Items listed in a dataset:
━━━━━━━━━━━━━━━━━━━━━━━━━━━━━━
(* Let $k\ge1$. For every integer $m\ge1$ and every $z\in\mathbb{C}P^k\setminus\mathbb{R}P^k$, $$M^m_{\mathbb{C}P^k}(z)\le\frac{4\,m!\,(k+1)}{1-\|\tau(z)\|}.$$
   Context: Equip $\mathcal O_{\mathbb{C}P^k}(1)$ with its standard Hermitian metric, so that a linear form $\sigma$ has pointwise norm $\|\sigma(z)\|=|\sigma(z)|/|z|$, and $\mathcal O(2)$ with the induced metric. The space $\mathbb{R}H^0(\mathbb{C}P^k,\mathcal O(1))$ of real linear forms carries the Euclidean structure for which $\sigma_i(z)=\sqrt{k+1}\,z_i$, $i=0,\dots,k$, is an orthonormal basis (this is the $L^2$ product for the normalized Fubini–Study volume), and $\mu$ is the Gaussian measure: for $\sigma_a=\sum a_i\sigma_i$, $a\in\mathbb{R}^{k+1}$ has density $\pi^{-(k+1)/2}e^{-|a|^2}$. Define $M^m_{\mathbb{C}P^k}(z)=\int|\log\|\sigma(z)\|^2|^m\,d\mu(\sigma)$. Let $\tau$ be the section of $\mathcal O(2)$ given by $\tau(z)=z_0^2+\dots+z_k^2$, so $\|\tau(z)\|=|z_0^2+\dots+z_k^2|/|z|^2$. *)

theory Defs
  imports "HOL-Analysis.Analysis"
begin

text \<open>Homogeneous coordinates: a point of CP^k is represented by a nonzero vector
  z in C^(k+1), with k+1 = CARD('n).\<close>

definition lin_form :: "real^'n \<Rightarrow> complex^'n \<Rightarrow> complex" where
  "lin_form a z = (\<Sum>i\<in>UNIV. complex_of_real (a$i) * complex_of_real (sqrt (real CARD('n))) * z$i)"

text \<open>Pointwise norm of a section of O(1): |sigma(z)| / |z|.\<close>
definition sec_norm :: "real^'n \<Rightarrow> complex^'n \<Rightarrow> real" where
  "sec_norm a z = cmod (lin_form a z) / norm z"

definition gauss_density :: "real^'n \<Rightarrow> real" where
  "gauss_density a = pi powr (- (real CARD('n) / 2)) * exp (- ((norm a)^2))"

definition M_CP :: "nat \<Rightarrow> complex^'n \<Rightarrow> ennreal" where
  "M_CP m z = (\<integral>\<^sup>+ a. ennreal (gauss_density a * \<bar>ln ((sec_norm a z)^2)\<bar> ^ m) \<partial>lborel)"

definition tau_norm :: "complex^'n \<Rightarrow> real" where
  "tau_norm z = cmod (\<Sum>i\<in>UNIV. (z$i)^2) / (norm z)^2"

definition real_point :: "complex^'n \<Rightarrow> bool" where
  "real_point z \<longleftrightarrow> (\<exists>c::complex. \<exists>x::real^'n. z = c *s (\<chi> i. complex_of_real (x$i)))"

end

theory Submission
  imports Defs "HOL-Probability.Probability"
begin

(*
  Write z = x + iy with x, y real and \<kappa> = (k+1)/|z|^2. Under \<mu> the coefficients a are i.i.d.
  with density exp(-s^2)/sqrt \<pi>, and ||\<sigma>_a(z)||^2 = \<kappa>(<a,x>^2 + <a,y>^2).
  Split |ln t|^m \<le> m! t + (-ln t)^m 1_(0,1](t). The first term has expectation
  m! \<kappa> (|x|^2 + |y|^2)/2 = m!(k+1)/2. For the second, integrate out two coordinates i, j:
  the product of their densities is at most 1/\<pi>, the linear change of variables has Jacobian
  D = x_i y_j - x_j y_i, and the integral of (-ln \<kappa>(u^2+v^2))^m over the disc
  \<kappa>(u^2+v^2) \<le> 1 is at most 4 m!/\<kappa>. By Lagrange's identity the largest minor satisfies
  (k+1)^2 D^2 \<ge> 2G, where G = |x|^2|y|^2 - <x,y>^2 is positive off RP^k and
  4G = |z|^4 (1 - ||\<tau>(z)||^2); this turns D into the factor 1/(1 - ||\<tau>(z)||).
*)

definition gauss :: "real \<Rightarrow> real" where
  "gauss s = exp (- s\<^sup>2) / sqrt pi"

lemma gauss_eq_normal_density: "gauss = normal_density 0 (1 / sqrt 2)"
  by (auto simp: fun_eq_iff gauss_def normal_density_def power_divide real_sqrt_divide)

lemma gauss_nonneg [simp]: "0 \<le> gauss s"
  by (simp add: gauss_def)

lemma gauss_le: "gauss s \<le> 1 / sqrt pi"
  by (simp add: gauss_def divide_right_mono)

lemma gauss_mult_gauss_le: "gauss s * gauss t \<le> 1 / pi"
proof -
  have "gauss s * gauss t \<le> (1 / sqrt pi) * (1 / sqrt pi)"
    by (intro mult_mono gauss_le) auto
  then show ?thesis by simp
qed

lemma borel_measurable_gauss [measurable]: "gauss \<in> borel_measurable borel"
  unfolding gauss_def by measurable

lemma nn_integral_gauss: "(\<integral>\<^sup>+ s. ennreal (gauss s) \<partial>lborel) = 1"
  unfolding gauss_eq_normal_density by (subst nn_integral_eq_integral) auto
━━━━━━━━━━━━━━━━━━━━━━━━━━━━━━
What is being asked
In the entries above, some lines hold the string "lborel". Copy each of them.

Answer
  "M_CP m z = (\<integral>\<^sup>+ a. ennreal (gauss_density a * \<bar>ln ((sec_norm a z)^2)\<bar> ^ m) \<partial>lborel)"
lemma nn_integral_gauss: "(\<integral>\<^sup>+ s. ennreal (gauss s) \<partial>lborel) = 1"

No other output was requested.